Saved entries
============

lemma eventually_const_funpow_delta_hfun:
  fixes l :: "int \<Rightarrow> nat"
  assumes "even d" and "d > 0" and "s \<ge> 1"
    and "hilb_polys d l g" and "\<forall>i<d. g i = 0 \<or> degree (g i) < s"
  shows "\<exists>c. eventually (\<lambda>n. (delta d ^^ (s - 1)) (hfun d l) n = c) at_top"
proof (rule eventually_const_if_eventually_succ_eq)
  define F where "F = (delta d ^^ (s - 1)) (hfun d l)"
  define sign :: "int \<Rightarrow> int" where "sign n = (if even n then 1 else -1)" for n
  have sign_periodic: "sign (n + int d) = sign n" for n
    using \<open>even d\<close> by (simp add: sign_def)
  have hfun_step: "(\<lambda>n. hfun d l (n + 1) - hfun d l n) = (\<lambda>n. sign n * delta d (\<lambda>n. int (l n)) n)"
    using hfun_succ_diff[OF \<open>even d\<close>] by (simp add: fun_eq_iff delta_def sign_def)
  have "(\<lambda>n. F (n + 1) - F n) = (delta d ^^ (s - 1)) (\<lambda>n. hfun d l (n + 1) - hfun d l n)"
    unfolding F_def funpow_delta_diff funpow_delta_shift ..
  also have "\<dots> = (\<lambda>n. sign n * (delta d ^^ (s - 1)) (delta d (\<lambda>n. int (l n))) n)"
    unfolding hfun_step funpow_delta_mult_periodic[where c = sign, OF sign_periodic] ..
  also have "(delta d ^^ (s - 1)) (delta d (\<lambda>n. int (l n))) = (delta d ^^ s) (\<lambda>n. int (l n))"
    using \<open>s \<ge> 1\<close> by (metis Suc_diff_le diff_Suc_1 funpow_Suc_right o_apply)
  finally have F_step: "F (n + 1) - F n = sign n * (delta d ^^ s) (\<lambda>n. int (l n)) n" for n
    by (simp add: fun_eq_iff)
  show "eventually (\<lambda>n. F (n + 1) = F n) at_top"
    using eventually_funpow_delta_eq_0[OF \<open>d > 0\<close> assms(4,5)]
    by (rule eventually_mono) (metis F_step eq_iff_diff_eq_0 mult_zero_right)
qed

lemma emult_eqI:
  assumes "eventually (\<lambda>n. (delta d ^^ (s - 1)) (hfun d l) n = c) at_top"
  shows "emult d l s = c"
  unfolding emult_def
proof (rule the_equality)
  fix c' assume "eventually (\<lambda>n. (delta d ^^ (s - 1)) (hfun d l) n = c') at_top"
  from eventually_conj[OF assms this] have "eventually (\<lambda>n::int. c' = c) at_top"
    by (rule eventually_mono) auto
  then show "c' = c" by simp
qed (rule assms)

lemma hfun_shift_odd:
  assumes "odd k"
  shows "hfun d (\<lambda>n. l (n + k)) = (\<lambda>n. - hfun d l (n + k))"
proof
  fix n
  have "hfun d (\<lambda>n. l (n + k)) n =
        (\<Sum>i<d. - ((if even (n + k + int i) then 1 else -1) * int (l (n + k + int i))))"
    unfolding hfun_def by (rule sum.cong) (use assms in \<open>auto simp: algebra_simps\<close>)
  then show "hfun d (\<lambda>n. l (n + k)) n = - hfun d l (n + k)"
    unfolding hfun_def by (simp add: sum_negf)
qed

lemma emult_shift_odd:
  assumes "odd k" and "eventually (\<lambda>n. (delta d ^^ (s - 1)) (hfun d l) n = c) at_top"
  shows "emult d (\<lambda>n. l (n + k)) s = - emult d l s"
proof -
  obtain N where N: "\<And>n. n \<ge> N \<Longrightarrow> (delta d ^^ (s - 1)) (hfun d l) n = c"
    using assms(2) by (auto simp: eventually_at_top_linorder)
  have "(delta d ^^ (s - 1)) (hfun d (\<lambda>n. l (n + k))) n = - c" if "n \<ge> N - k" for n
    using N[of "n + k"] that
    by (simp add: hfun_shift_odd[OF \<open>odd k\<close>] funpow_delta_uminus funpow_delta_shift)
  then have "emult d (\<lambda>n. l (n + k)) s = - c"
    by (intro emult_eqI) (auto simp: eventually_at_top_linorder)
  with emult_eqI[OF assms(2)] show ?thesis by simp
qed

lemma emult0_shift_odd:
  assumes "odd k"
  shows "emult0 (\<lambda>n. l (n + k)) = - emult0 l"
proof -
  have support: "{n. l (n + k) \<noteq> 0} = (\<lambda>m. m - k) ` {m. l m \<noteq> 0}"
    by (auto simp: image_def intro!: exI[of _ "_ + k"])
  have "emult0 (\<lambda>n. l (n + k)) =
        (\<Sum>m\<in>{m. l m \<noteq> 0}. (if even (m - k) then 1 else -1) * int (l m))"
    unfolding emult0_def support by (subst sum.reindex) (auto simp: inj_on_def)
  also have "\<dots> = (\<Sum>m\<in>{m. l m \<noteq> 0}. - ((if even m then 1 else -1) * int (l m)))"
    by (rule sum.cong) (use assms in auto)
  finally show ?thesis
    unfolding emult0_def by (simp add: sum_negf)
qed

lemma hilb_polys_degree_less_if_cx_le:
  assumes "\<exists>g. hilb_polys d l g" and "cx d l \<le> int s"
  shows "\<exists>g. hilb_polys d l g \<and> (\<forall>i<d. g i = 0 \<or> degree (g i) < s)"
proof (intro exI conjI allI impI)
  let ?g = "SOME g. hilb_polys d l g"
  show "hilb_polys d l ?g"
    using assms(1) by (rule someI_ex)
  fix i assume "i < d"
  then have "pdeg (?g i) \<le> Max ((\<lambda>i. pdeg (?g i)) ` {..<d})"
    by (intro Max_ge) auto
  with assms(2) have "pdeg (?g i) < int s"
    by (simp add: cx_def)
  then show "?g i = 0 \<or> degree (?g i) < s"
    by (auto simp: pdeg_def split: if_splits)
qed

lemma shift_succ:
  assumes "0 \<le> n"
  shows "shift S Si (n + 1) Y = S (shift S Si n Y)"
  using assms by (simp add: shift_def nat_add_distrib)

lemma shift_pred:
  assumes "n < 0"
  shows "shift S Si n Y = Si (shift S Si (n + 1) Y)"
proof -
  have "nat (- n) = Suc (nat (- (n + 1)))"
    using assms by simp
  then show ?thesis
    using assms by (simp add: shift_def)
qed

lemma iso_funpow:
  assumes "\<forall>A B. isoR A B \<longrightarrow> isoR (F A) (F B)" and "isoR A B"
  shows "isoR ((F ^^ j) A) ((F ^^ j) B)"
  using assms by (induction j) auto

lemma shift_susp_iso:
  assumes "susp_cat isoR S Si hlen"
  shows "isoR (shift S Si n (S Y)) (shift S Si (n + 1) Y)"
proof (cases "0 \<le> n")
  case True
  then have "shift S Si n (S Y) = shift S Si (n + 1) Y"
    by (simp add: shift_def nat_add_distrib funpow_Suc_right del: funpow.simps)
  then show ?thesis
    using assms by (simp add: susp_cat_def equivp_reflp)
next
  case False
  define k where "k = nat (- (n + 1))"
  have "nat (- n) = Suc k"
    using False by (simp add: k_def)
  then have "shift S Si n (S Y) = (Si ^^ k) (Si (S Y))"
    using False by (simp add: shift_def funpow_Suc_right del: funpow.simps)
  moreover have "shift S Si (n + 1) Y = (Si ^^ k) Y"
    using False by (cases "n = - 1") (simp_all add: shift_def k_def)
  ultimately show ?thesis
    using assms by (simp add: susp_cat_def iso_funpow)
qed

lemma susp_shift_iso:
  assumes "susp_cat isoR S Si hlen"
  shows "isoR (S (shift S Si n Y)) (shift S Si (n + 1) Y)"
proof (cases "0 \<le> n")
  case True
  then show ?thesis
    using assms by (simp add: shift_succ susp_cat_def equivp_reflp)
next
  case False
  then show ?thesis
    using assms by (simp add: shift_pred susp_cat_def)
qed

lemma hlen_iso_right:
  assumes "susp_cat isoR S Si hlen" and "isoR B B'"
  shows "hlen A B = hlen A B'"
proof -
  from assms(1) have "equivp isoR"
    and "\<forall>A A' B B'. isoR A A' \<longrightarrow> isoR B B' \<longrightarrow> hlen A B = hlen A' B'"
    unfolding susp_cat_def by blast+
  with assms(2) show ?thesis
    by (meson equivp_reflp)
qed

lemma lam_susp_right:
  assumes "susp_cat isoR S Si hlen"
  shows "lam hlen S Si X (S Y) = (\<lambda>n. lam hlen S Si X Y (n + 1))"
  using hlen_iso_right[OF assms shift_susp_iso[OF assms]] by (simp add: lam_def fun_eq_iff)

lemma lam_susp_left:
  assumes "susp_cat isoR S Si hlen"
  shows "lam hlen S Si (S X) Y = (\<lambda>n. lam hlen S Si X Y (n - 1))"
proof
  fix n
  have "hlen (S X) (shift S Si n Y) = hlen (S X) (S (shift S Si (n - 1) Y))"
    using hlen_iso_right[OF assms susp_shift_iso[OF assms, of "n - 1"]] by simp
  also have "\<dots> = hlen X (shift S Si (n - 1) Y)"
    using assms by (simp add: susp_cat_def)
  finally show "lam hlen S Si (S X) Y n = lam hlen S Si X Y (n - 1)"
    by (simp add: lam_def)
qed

============

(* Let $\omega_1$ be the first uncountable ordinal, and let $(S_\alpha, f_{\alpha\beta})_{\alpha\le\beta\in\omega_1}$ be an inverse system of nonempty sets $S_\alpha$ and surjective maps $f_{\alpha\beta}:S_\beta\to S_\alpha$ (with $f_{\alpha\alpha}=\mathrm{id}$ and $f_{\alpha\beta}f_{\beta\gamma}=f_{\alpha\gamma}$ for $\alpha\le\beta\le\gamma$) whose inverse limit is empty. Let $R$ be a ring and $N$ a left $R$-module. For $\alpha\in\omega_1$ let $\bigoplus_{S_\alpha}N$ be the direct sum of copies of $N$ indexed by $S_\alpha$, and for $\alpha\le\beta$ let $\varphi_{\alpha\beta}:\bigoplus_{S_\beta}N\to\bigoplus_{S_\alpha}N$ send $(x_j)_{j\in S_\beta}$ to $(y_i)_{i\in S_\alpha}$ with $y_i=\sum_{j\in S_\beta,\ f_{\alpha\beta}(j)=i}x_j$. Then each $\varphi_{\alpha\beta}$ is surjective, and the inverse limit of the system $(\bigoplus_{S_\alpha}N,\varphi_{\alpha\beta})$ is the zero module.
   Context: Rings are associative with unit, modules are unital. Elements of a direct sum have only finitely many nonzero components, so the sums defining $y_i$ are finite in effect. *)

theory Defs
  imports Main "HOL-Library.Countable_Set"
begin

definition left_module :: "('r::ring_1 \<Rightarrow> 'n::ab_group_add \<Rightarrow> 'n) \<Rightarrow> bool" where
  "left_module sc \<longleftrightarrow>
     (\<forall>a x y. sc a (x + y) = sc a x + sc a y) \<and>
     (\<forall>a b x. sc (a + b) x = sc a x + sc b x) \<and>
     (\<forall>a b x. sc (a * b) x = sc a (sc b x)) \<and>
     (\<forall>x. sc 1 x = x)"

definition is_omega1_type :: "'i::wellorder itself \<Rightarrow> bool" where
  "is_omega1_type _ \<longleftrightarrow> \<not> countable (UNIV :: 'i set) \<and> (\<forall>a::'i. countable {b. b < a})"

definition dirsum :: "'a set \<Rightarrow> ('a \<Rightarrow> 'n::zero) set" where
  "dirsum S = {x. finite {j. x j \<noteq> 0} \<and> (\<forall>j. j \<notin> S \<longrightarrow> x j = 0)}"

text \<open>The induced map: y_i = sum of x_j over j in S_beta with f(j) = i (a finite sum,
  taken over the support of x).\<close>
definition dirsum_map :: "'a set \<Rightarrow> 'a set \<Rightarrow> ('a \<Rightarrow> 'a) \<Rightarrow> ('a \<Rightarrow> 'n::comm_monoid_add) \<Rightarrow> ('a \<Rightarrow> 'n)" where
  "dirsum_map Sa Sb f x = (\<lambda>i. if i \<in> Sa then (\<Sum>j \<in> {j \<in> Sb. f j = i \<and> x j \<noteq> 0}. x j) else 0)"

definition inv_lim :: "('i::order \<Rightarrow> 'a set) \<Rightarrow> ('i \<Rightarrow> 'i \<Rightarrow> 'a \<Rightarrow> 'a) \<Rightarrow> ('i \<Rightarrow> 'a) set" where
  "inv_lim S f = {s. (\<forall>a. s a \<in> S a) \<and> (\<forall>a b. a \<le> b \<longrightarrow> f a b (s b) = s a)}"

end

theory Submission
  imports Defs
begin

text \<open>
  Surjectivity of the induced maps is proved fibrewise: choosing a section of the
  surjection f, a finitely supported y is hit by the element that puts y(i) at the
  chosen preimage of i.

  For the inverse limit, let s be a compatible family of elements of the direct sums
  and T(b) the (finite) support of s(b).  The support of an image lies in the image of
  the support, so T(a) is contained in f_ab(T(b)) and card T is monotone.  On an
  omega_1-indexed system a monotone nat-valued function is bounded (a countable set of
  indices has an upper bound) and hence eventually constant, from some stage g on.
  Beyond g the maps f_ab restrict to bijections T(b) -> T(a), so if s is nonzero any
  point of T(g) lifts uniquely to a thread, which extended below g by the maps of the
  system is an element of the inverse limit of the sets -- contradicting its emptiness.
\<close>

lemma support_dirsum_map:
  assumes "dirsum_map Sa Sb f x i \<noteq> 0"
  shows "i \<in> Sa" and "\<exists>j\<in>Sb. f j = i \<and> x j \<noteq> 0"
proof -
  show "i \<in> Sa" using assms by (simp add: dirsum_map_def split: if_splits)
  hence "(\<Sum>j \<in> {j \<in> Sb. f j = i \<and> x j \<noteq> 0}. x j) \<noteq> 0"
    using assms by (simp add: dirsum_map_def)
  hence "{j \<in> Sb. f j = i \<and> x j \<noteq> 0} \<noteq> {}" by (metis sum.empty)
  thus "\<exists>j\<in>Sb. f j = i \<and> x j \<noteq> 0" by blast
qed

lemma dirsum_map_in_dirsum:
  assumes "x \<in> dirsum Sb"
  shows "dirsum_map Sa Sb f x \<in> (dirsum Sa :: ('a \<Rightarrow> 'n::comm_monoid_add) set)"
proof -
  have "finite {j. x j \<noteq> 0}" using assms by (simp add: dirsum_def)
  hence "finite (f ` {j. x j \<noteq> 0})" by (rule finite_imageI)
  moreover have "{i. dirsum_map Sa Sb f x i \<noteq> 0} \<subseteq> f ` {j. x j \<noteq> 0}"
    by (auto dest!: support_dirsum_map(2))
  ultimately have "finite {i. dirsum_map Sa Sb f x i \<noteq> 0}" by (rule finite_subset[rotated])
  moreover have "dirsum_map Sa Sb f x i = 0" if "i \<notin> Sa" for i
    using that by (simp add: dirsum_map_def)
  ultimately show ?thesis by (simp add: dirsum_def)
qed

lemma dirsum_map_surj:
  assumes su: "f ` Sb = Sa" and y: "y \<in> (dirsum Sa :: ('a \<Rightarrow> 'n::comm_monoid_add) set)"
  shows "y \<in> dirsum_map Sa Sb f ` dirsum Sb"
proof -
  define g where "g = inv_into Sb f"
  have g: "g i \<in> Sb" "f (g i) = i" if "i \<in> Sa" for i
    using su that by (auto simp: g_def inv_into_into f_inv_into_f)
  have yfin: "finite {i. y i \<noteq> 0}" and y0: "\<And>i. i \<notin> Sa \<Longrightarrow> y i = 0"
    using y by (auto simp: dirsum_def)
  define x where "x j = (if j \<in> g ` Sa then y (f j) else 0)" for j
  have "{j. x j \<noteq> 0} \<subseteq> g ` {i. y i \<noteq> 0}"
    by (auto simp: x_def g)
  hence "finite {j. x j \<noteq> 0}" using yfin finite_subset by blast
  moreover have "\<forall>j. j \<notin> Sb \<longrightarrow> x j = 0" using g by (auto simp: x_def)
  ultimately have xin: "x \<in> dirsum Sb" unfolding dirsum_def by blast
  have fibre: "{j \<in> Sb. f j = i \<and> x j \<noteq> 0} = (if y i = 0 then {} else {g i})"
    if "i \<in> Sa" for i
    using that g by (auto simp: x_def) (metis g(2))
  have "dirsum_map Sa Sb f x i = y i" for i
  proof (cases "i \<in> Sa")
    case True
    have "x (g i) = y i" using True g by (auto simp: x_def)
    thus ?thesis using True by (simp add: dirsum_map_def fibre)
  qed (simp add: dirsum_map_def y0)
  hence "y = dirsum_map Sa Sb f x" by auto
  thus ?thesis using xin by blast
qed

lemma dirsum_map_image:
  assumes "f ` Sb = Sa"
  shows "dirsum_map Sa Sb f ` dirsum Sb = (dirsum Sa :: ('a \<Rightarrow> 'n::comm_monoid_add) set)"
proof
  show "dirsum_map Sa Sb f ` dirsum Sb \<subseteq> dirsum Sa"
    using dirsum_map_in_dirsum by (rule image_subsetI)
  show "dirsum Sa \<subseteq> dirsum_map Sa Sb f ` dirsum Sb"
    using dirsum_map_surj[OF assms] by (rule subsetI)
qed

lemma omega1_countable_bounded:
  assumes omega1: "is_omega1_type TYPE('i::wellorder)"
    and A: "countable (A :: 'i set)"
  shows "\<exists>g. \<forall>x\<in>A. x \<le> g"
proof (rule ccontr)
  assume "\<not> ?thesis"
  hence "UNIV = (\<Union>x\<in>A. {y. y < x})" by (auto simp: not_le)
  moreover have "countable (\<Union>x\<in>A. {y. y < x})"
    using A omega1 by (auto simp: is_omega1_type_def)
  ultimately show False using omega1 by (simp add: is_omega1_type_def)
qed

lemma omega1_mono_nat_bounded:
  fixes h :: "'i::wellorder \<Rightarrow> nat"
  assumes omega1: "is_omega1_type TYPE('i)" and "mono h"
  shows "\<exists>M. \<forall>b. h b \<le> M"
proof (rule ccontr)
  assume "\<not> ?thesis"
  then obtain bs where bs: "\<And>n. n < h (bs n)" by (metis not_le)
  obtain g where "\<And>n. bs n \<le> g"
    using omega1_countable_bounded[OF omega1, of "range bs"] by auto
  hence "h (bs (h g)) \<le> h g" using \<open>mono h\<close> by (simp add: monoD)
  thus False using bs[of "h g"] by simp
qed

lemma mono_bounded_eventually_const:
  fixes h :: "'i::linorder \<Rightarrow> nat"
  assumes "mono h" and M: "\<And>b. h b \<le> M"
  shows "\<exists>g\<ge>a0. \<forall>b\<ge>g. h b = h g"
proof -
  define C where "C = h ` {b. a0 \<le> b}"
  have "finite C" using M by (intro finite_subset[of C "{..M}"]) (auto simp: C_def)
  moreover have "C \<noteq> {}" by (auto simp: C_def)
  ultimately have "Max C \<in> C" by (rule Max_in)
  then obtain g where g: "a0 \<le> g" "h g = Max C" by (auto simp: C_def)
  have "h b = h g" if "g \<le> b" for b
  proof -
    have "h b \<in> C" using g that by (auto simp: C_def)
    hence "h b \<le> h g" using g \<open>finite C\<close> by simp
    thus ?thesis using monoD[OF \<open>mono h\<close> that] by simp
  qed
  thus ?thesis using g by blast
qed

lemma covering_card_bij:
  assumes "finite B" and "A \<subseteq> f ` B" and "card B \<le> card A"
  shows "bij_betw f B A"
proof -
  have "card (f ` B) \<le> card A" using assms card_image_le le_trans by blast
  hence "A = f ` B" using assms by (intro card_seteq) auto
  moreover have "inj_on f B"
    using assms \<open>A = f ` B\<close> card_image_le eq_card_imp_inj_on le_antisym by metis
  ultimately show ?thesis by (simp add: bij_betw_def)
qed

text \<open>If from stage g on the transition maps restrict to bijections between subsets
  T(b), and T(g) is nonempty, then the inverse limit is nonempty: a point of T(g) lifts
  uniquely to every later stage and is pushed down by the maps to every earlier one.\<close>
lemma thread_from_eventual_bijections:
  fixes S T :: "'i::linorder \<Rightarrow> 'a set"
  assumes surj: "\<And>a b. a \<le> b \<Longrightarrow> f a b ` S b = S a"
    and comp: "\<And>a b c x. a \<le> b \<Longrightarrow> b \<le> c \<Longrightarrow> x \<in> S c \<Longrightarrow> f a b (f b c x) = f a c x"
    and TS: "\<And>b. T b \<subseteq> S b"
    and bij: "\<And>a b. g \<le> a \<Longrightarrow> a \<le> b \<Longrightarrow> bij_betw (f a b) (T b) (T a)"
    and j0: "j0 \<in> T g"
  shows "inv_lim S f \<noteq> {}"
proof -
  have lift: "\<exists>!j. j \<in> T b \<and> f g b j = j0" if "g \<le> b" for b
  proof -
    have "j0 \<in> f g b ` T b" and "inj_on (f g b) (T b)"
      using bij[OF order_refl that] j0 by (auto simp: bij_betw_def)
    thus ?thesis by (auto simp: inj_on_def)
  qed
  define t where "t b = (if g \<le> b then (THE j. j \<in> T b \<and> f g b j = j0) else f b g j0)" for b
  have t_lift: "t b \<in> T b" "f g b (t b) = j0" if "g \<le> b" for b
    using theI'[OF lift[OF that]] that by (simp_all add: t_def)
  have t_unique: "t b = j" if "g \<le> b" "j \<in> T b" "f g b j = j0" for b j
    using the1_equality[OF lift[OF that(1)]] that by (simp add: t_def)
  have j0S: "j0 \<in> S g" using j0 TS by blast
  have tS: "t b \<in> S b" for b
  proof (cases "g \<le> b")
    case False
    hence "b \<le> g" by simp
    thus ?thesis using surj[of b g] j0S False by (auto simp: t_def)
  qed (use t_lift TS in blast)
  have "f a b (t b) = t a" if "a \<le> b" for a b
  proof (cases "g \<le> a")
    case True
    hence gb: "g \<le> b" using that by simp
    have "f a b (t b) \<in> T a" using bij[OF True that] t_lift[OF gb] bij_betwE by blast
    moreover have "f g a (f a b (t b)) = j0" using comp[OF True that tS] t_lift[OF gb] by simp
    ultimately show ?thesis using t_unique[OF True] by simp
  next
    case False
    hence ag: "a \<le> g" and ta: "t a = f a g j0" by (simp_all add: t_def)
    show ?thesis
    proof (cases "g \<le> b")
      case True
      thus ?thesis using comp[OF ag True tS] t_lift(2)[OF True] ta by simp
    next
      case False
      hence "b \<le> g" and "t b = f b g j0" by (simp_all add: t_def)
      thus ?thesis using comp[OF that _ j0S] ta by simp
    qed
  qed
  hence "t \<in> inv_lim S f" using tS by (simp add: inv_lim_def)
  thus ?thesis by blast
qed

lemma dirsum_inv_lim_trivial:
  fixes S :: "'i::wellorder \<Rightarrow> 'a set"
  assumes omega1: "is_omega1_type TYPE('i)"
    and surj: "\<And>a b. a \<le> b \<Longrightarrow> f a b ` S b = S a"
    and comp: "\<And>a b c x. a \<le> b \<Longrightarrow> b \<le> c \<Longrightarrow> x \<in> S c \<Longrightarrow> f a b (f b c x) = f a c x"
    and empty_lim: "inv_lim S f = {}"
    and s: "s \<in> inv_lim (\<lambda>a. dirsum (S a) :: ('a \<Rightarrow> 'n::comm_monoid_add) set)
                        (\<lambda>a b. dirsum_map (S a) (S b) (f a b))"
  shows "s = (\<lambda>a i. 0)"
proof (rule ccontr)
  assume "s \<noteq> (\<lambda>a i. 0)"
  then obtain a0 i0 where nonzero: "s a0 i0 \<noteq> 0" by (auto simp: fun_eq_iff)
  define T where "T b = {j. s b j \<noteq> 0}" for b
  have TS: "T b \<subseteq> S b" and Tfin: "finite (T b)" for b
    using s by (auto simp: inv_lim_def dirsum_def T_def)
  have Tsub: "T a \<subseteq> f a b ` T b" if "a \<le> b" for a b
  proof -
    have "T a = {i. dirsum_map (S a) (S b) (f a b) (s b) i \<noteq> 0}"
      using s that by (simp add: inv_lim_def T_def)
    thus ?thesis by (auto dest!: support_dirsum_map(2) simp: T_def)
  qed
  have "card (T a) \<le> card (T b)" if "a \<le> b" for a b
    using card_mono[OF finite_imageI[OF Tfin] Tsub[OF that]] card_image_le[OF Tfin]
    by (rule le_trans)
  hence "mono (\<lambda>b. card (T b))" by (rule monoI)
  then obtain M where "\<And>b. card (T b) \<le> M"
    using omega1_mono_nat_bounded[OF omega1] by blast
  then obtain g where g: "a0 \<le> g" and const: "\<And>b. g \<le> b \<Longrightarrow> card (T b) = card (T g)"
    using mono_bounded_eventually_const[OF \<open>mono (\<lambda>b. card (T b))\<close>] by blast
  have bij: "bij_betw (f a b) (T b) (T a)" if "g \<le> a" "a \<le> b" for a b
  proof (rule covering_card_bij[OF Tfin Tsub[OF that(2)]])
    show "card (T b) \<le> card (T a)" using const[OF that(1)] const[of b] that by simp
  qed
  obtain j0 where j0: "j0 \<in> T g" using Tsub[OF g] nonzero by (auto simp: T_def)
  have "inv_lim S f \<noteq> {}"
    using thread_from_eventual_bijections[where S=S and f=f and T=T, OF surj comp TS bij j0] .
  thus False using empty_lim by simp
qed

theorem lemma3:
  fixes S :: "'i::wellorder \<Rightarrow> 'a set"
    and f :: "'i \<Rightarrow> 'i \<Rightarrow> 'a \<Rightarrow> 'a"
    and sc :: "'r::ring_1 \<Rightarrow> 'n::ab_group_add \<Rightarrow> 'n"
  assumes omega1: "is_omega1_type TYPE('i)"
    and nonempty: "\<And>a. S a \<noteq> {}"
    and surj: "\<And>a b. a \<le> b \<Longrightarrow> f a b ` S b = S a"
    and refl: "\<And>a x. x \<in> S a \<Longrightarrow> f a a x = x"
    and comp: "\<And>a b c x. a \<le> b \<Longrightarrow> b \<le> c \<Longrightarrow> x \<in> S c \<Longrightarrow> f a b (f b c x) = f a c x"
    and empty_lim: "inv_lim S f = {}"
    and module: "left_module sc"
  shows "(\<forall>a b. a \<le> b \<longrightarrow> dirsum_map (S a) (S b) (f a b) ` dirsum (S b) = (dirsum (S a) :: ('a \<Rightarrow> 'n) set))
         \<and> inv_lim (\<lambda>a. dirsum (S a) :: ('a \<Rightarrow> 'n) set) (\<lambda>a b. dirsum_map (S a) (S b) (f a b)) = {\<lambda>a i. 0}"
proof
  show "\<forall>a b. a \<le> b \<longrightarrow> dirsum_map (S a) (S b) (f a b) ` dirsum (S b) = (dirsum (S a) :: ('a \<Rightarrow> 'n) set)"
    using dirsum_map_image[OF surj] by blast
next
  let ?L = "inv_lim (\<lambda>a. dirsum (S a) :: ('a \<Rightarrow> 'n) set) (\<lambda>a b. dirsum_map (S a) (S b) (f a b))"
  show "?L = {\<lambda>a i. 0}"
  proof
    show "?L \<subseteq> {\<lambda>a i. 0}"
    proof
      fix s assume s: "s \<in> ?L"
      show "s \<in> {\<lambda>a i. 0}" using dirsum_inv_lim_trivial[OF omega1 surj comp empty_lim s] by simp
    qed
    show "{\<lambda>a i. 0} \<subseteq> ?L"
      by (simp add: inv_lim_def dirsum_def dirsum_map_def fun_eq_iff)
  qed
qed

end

============

To do -
Where a line in the entries holds "Tfin", copy that line.

Solution to this problem -
  have TS: "T b \<subseteq> S b" and Tfin: "finite (T b)" for b
    using card_mono[OF finite_imageI[OF Tfin] Tsub[OF that]] card_image_le[OF Tfin]
  proof (rule covering_card_bij[OF Tfin Tsub[OF that(2)]])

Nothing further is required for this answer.